From our previous study, 10 radiographs after MOWHTOs obtained in neutral, 15° external rotation and 15° internal rotation views of the knees were assessed. In the internal rotation view, the patellar center moved to the medial two-fifths of the distal femur and MPTA increased 4.7 ± 1.2°. However, MPTA decreased 6.5 ± 1.0°, and the patella was positioned at the lateral two fifths when the legs were externally rotated. Therefore, the rotation of lower limb had a major effect on the MPTA measurement. We selected the anteroposterior views of the standing long films, which had the patellae (middle one-fifth) centered over the femoral condyles as our radiographic criteria. However, at the 12 month followup, 14 osteotomies yielded only standing short films. The short films could not be used to measure the FTA or identify the precise tibial anatomical axis for MPTA measurement. To avoid less sample size, we studied 20 standing hip to ankle radiographs after MOWHTOs. Each film was cropped and used to create 30 cm (standard length of short knee radiographs) short films of the knees with two different proximal tibia lengths: 10 and 15 cm [Figure 2]. MPTA was measured by two blinded orthopedists.
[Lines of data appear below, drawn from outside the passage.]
lemma av_sum_powers_diff_le:
  assumes "av u \<le> r" "av u' \<le> r" "r \<le> 1" "0 \<le> C"
    and "\<And>k. k \<in> A \<Longrightarrow> 2 \<le> k \<and> av (c k) \<le> C"
  shows "av ((\<Sum>k\<in>A. c k * u ^ k) - (\<Sum>k\<in>A. c k * u' ^ k)) \<le> C * r * av (u - u')"
proof -
  have r: "0 \<le> r" using assms(1) av_nonneg order_trans by blast
  have "av (c k * u ^ k - c k * u' ^ k) \<le> C * r * av (u - u')" if k: "k \<in> A" for k
  proof -
    obtain j where j: "k = Suc j" "1 \<le> j" using assms(5)[OF k] by (cases k) auto
    have "av (c k * u ^ k - c k * u' ^ k) = av (c k) * av (u ^ Suc j - u' ^ Suc j)"
      by (simp add: j right_diff_distrib[symmetric])
    also have "\<dots> \<le> C * (av (u - u') * r ^ j)"
      using assms(4,5) k av_power_diff_le[OF assms(1,2)] by (intro mult_mono) auto
    also have "\<dots> \<le> C * (av (u - u') * r)"
      using assms(3,4) r j power_decreasing[of 1 j r] by (intro mult_left_mono) auto
    finally show ?thesis by (simp add: algebra_simps)
  qed
  then show ?thesis
    using assms(4) r by (simp add: sum_subtractf[symmetric] av_sum_le)
qed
The deviation of MPTA was 0.5° (range 0°-1°) and 2.0° (range 0°-3°) in 15 and 10 cm proximal tibial length films, respectively, when compared to the gold standard long film. Therefore, the additional criterion for short knee radiograph selection was a proximal tibial length of at least 15 cm, as revealed by the film. Based on these two criteria, four long films with rotational error and four short films with inadequate proximal tibial length were excluded from our study as mentioned above.
Figure 2: Anteroposterior view of standing hip-to-ankle radiograph with medial proximal tibial angle (MPTA) measurement (a) and cropped 30-cm length radiographs with two different proximal tibia lengths: 15 cm (b) and 10 cm (c)

Click here to view


The data were analyzed using the commercially available SPSS statistics software, version 13.0. Quantitative data were presented as the mean. The MPTA changes between 1 and 12 months were classified into three groups. The varus group consisted of the knees with evidence of decreased MPTA on subsequent X-rays, whereas stable group had unchanged MPTA and valgus group had increased MPTA. Differences in one month MPTA values among the three groups were analyzed using analysis of variance (ANOVA) and the Bonferroni multiple comparison. The receiver operating characteristic (ROC) curve was used to determine the cut off postoperative MPTA value that was best able to prevent recurrent varus deformity. P values less than 0.05 were regarded as statistically significant. The intra and interobserver reproducibility of MPTA measurement was assessed and expressed as the intraclass correlation coefficients (ICCs), which varied from zero (no agreement at all) to 1 (total agreement).


   Results Top


Seventy one MOWHTOs were carried out on a total of 59 patients. There were 55 females and 4 males, with a mean age of 54.4±4.9 years (range 40-67 years) and a mean body mass index of 28.6±4.0 kg/m 2 . The mean preoperative range of motion was 118.9±16.5°. Thirty one (43.7%) and 40 (56.3%) knees, respectively, were classified as grade II and III by the Kellgren-Lawrence radiographic grading scale. The overall mean FTA was 169.5±3.0° preoperatively; at 1-month postoperatively, this value was 183.3±4.0°. The mean correction angle in our series was 13.9±4.6°. The overall preoperative, and one and twelve month postoperative MPTA values were 83.4±3.0°, 97.2±4.1°, and 96.3±3.6°, respectively. The overall loss of correction angle was 1.0±2.9°. One patient (1.4%) had displayed recurrent varus deformity at the one year followup. However, no patients required conversion to total knee arthroplasty at the last followup time. In subgroup analysis, the MPTA changes between 1 and 12 months were classified into three groups: 18 knees (25.4%) were in the stable group, 39 knees (54.9%) were in varus group (a decreasing MPTA angle of −2.8±2.1°) and 14 knees (19.7%) were in valgus group (an increasing MPTA angle of +2.9±2.1°)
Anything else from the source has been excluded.